What Developers Should Do
If you’re running OpenClaw or similar AI agents, take immediate action. Block egress to 91.92.242.30 at the network level. Audit your installed skills for packages by users zaycv, Ddoy233, and hightower6eu. Search for clawhub and clawdhub1 typosquatting packages. Remove anything suspicious immediately.
Going forward, treat AI agent skills with the same suspicion you’d treat browser extensions or package manager dependencies. Verify publishers before installing. Read prerequisites sections with extreme skepticism—if a skill asks you to download and execute external code, that’s a red flag. Sandbox skill execution. Avoid cryptocurrency-themed tools from new or unknown publishers, especially in the current threat environment.

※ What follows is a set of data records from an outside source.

theorem lemma5:
  fixes V :: "'a set" and E :: "'a set set" and Fs :: "'f set" and bd :: "'f \<Rightarrow> 'a list"
    and C :: "'a list" and f :: 'f and v1 v2 v3 v4 v5 v6 :: 'a
  assumes "fullerene V E Fs bd"
    and "longest_cycle E C"
    and "f \<in> Fs"
    and "white_face C bd f"
    and "cyclic_order (bd f) [v1, v2, v3, v4, v5, v6]"
    and "{v3, v4} \<in> cyc_edges C"
    and "{v5, v6} \<in> cyc_edges C"
    and "{v4, v5} \<notin> cyc_edges C"
  shows "final_charge Fs bd C f = 1"
proof -
  note full = assms(1) and f = assms(3) and C = assms(6-8)
  have "distinct (bd f)" using fullerene_face[OF full f] unfolding is_cycle_def by blast
  then have f6: "cyc_edges (bd f) = cyc_edges [v1, v2, v3, v4, v5, v6]" "distinct [v1, v2, v3, v4, v5, v6]"
    and "set (bd f) = {v1, v2, v3, v4, v5, v6}"
    using cyclic_orderD[OF assms(5)] by auto
  then have "white_verts C (bd f) = {v1, v2}"
    using white_verts_of_white_face[OF assms(4)] C(1,2) by simp
  then have off_C: "v1 \<notin> set C" "v2 \<notin> set C" and "\<not> black_face C bd f"
    unfolding white_verts_def black_face_def by auto
  then have received: "(\<Sum>i<length (bd f). transfer Fs bd C f i) = 0"
    by (simp add: transfer_non_black)
  have "(\<Sum>g\<in>Fs. \<Sum>i<length (bd g).
          if other_face Fs bd g (face_edge bd g i) = f then transfer Fs bd C g i else 0)
        = (\<Sum>e\<in>cyc_edges (bd f). if e \<in> cyc_edges C then 1/2 else 0)"
    using transfer_into_white_face[OF full assms(2) f _ f6 C off_C assms(4)]
    by (intro charge_sent_to_face[OF full f]) blast
  also have "\<dots> = 1/2 * card (cyc_edges (bd f) \<inter> cyc_edges C)"
    by (simp add: sum.inter_restrict[OF finite_cyc_edges, symmetric])
  also have "\<dots> = 1"
    using hexagon_face_edges_on_C[OF f6(1) off_C C] f6(2) by (simp add: doubleton_eq_iff)
  finally show ?thesis
    using received assms(4) unfolding final_charge_def initial_charge_def white_face_def by simp
qed

end
(* Let $d\ge2$ and consider the cubical cell structure on $\mathbb{R}^d$ given by $\mathbb{Z}^d$. For all $(d-1)$-cells $c,c'$, $$S_cS_{c'}=S_{c'}S_c\,(-1)^{\int\boldsymbol c\cup_{d-2}\boldsymbol c'+\boldsymbol c'\cup_{d-2}\boldsymbol c}$$ and $$U_cU_{c'}=U_{c'}U_c\,(-1)^{\int\boldsymbol c\cup_{d-2}\boldsymbol c'+\boldsymbol c'\cup_{d-2}\boldsymbol c},$$ where $S_c$ and $U_c$ are the operators defined in the context.
   Context: Cells: the $k$-cells are integer translates of faces of unit cubes of $\mathbb{Z}^d$. For a $k$-cell $c$ spanning directions $i_1<\dots<i_k$, its subcells are $c(w)$ for $w\in\{+,-,\bullet\}^k$: $w_r=\pm$ fixes $x_{i_r}$ at its max/min on $c$, and $w_r=\bullet$ leaves it free. A $\mathbb{Z}_2$-valued $p$-cochain is a function from $p$-cells to $\mathbb{Z}_2$, zero on other cells. $\boldsymbol c$ denotes the indicator cochain of the cell $c$. $\int\phi$ of a $d$-cochain $\phi$ is $\sum_{d\text{-cells}}\phi$ mod 2. Higher cup products: for a $p$-cochain $\alpha$, a $q$-cochain $\beta$, and a $k$-cell $c$ with $k=p+q-m$, $$(\alpha\cup_m\beta)(c)=\sum_{1\le l_1<\dots<l_m\le k}\sum_{(w,w')}\alpha(c(w))\beta(c(w')).$$ The inner sum runs over pairs with $w_{l_r}=w'_{l_r}=\bullet$. At every other position $s$, with $\ell(s)=\#\{r:l_r<s\}$ and $\sigma_s=(-1)^{\ell(s)}\in\{\pm\}$, one has $(w_s,w'_s)\in\{(\sigma_s,\bullet),(\bullet,-\sigma_s)\}$. Faces of the wrong dimension contribute zero. Fermions: each $d$-cell $C$ carries two Majorana operators $\gamma_C,\gamma'_C$. All of them are Hermitian, square to $1$ and pairwise anticommute. For a $(d-1)$-cell $c$ perpendicular to the $x_i$-direction, let ${}^\pm c$ be the $d$-cell adjacent to $c$ in the $\pm x_i$ direction. Set $(L(c),R(c))=({}^-c,{}^+c)$ if $i+d$ is odd, and $(L(c),R(c))=({}^+c,{}^-c)$ if $i+d$ is even. Define $S_c=i\gamma_{L(c)}\gamma'_{R(c)}$. Bosons: each $(d-1)$-cell $c$ carries a qubit with Pauli operators $X_c,Z_c$ (operators on distinct cells commute). Define $$U_c=X_c\prod_{c'}Z_{c'}^{\int\boldsymbol c'\cup_{d-2}\boldsymbol c},$$ with the product over all $(d-1)$-cells $c'$. *)

theory Defs
  imports Main
begin

text \<open>A cell of the cubical structure on R^d given by Z^d: a pair (x, S) where
  x is the (integer) minimal corner and S \<subseteq> {1..d} is the set of spanning
  directions; the cell is x + [0,1]^S.  Coordinates are indexed 1..d, and x is
  normalised to 0 outside {1..d}.\<close>
type_synonym cell = "(nat \<Rightarrow> int) \<times> nat set"

definition is_cell :: "nat \<Rightarrow> nat \<Rightarrow> cell \<Rightarrow> bool" where
  "is_cell d k c \<longleftrightarrow> snd c \<subseteq> {1..d} \<and> card (snd c) = k \<and>
     (\<forall>i. i \<notin> {1..d} \<longrightarrow> fst c i = 0)"

text \<open>Z2-valued cochains are represented as functions cell => nat with values in {0,1}.\<close>
definition ind :: "cell \<Rightarrow> cell \<Rightarrow> nat" where
  "ind c = (\<lambda>c'. if c' = c then 1 else 0)"

text \<open>ell L s = number of elements of L below s; sigma_s = + iff ell L s is even.\<close>
definition ell :: "nat set \<Rightarrow> nat \<Rightarrow> nat" where
  "ell L s = card {l \<in> L. l < s}"

text \<open>Subcell with the coordinates in F fixed: direction i in F is fixed at its
  max (+) if P i, at its min (-) otherwise; other directions remain free.\<close>
definition subcell :: "cell \<Rightarrow> nat set \<Rightarrow> (nat \<Rightarrow> bool) \<Rightarrow> cell" where
  "subcell c F P = ((\<lambda>i. if i \<in> F \<and> P i then fst c i + 1 else fst c i), snd c - F)"

text \<open>Positions l_1<...<l_m are identified with the
  subset L of spanning directions (the order-preserving correspondence), and
  for each s not in L the choice (w_s,w'_s) = (sigma_s, free) is encoded by s \<in> T,
  the choice (free, -sigma_s) by s \<in> S - L - T.\<close>
definition cup :: "nat \<Rightarrow> (cell \<Rightarrow> nat) \<Rightarrow> (cell \<Rightarrow> nat) \<Rightarrow> cell \<Rightarrow> nat" where
  "cup m \<alpha> \<beta> c =
     (\<Sum>L \<in> {L. L \<subseteq> snd c \<and> card L = m}. \<Sum>T \<in> Pow (snd c - L).
        \<alpha> (subcell c T (\<lambda>s. even (ell L s))) *
        \<beta> (subcell c (snd c - L - T) (\<lambda>s. odd (ell L s)))) mod 2"

definition integral_d :: "nat \<Rightarrow> (cell \<Rightarrow> nat) \<Rightarrow> nat" where
  "integral_d d \<phi> = card {C. is_cell d d C \<and> odd (\<phi> C)} mod 2"

definition cupint :: "nat \<Rightarrow> cell \<Rightarrow> cell \<Rightarrow> nat" where
  "cupint d c c' = integral_d d (cup (d - 2) (ind c) (ind c'))"

definition perp :: "nat \<Rightarrow> cell \<Rightarrow> nat" where
  "perp d c = (THE i. i \<in> {1..d} \<and> i \<notin> snd c)"

definition adj_plus :: "nat \<Rightarrow> cell \<Rightarrow> cell" where
  "adj_plus d c = (fst c, {1..d})"

definition adj_minus :: "nat \<Rightarrow> cell \<Rightarrow> cell" where
  "adj_minus d c = ((fst c)(perp d c := fst c (perp d c) - 1), {1..d})"

definition Lc :: "nat \<Rightarrow> cell \<Rightarrow> cell" where
  "Lc d c = (if odd (perp d c + d) then adj_minus d c else adj_plus d c)"

definition Rc :: "nat \<Rightarrow> cell \<Rightarrow> cell" where
  "Rc d c = (if odd (perp d c + d) then adj_plus d c else adj_minus d c)"

definition Sop :: "nat \<Rightarrow> 'a::ring_1 \<Rightarrow> (cell \<Rightarrow> 'a) \<Rightarrow> (cell \<Rightarrow> 'a) \<Rightarrow> cell \<Rightarrow> 'a" where
  "Sop d iu \<gamma> \<gamma>' c = iu * (\<gamma> (Lc d c) * \<gamma>' (Rc d c))"

text \<open>Product of pairwise commuting factors indexed by a finite set (order irrelevant).\<close>
definition cprod :: "(cell \<Rightarrow> 'b::ring_1) \<Rightarrow> cell set \<Rightarrow> 'b" where
  "cprod f A = foldr (\<lambda>c acc. f c * acc) (SOME xs. set xs = A \<and> distinct xs) 1"

definition Uop :: "nat \<Rightarrow> (cell \<Rightarrow> 'b::ring_1) \<Rightarrow> (cell \<Rightarrow> 'b) \<Rightarrow> cell \<Rightarrow> 'b" where
  "Uop d X Z c = X c * cprod Z {c'. is_cell d (d - 1) c' \<and> cupint d c' c = 1}"

end

theory Submission
  imports Defs
begin

(* Let c, c' be (d-1)-cells perpendicular to the directions i and j. The cochain
   c cup_{d-2} c' is supported on at most one d-cell, and only if i ~= j: the common d-cell
   whose i- and j-facets, chosen by the signs sigma, are c and c'. For i < j these facets
   are determined by the parities of i and j, and the same parities decide which neighbour
   of a (d-1)-cell is L and which is R. Hence  int c cup c' + int c' cup c  is odd exactly
   when one, but not both, of L(c) = L(c') and R(c) = R(c') holds, which is the parity of
   the sign produced by reordering the four Majorana operators in S_c S_c'. For U the sign
   comes from moving X_c through the Z-string of U_c' (which contains Z_c iff
   int c cup c' = 1) and vice versa. *)

lemma central_scaled_products_commute:
  fixes u a b s :: "'a::ring_1"
  assumes u: "\<And>x. u * x = x * u" and ab: "a * b = b * a * s"
  shows "(u * a) * (u * b) = (u * b) * (u * a) * s"
proof -
  have swap: "(u * x) * (u * y) = u * u * (x * y)" for x y
    by (metis u mult.assoc)
  show ?thesis
    unfolding swap ab by (simp add: mult.assoc)
qed
lemma Div_left_divisor:
  assumes b: "balanced G M b" and "a \<in> M" "c \<in> Div G M b" "a \<preceq> c"
  shows "a \<in> Div G M b" and "inv a \<otimes> c \<in> Div G M b"
proof -
  have carrier: "a \<in> carrier G" "b \<in> carrier G" "c \<in> carrier G"
    using assms balanced_in_M[OF b] by (auto simp: Div_iff)
  have "c \<preceq> b"
    using assms(3) by (simp add: Div_iff)
  then show "a \<in> Div G M b"
    using assms(2,4) carrier le_trans by (auto simp: Div_iff)
  have "inv a \<otimes> c \<preceq> inv a \<otimes> b"
    using \<open>c \<preceq> b\<close> carrier le_left_mult_iff by simp
  moreover have "inv a \<otimes> b \<preceq> b"
    using Div_complement[OF b \<open>a \<in> Div G M b\<close>] by (simp add: Div_iff)
  ultimately have "inv a \<otimes> c \<preceq> b"
    using carrier le_trans by (meson inv_closed m_closed)
  then show "inv a \<otimes> c \<in> Div G M b"
    using assms(4) by (simp add: Div_iff le_iff)
qed

lemma simple_in_M [simp]: "s \<in> simples \<Longrightarrow> s \<in> M"
  using Div_iff by blast

lemma simple_carrier [simp]: "s \<in> simples \<Longrightarrow> s \<in> carrier G"
  by simp

lemma simples_subset_carrier: "simples \<subseteq> carrier G"
  by auto

lemma simple_le_Delta_iff: "s \<in> M \<Longrightarrow> s \<preceq> \<Delta> \<longleftrightarrow> s \<in> simples"
  using Div_iff by blast

lemma simple_le_Delta: "s \<in> simples \<Longrightarrow> s \<preceq> \<Delta>"
  using Div_iff by blast

lemma simple_complement_in_M: "s \<in> simples \<Longrightarrow> inv s \<otimes> \<Delta> \<in> M"
  using Div_iff le_iff by blast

New security tools are emerging for this threat landscape. Snyk released AI-BOM to inventory AI agent dependencies across codebases. The mcp-scan tool detects malicious Model Context Protocol servers via prompt injection patterns. VirusTotal’s Code Insight now analyzes skill packages using LLMs to identify suspicious behavior patterns that traditional static analysis misses.
The Bigger Picture
OpenClaw creator Peter Steinberger implemented a reporting feature allowing users to flag malicious skills, with auto-hiding after three unique reports. But reactive moderation doesn’t solve the systemic issue: AI agent marketplaces that prioritize openness over security create supply chain vulnerabilities by design. The “one week GitHub account” restriction is laughably insufficient. Traditional AppSec tools that can’t parse English documentation are playing catch-up to threats that hide in plain sight.
This isn’t the last supply chain attack we’ll see against AI agent ecosystems. As Menlo Security warned in their 2026 predictions, “AI agents are the new insider threat.” When agents have system-level permissions, access to sensitive data, and install untrusted code from open marketplaces, attacks like ClawHavoc become inevitable—not exceptional.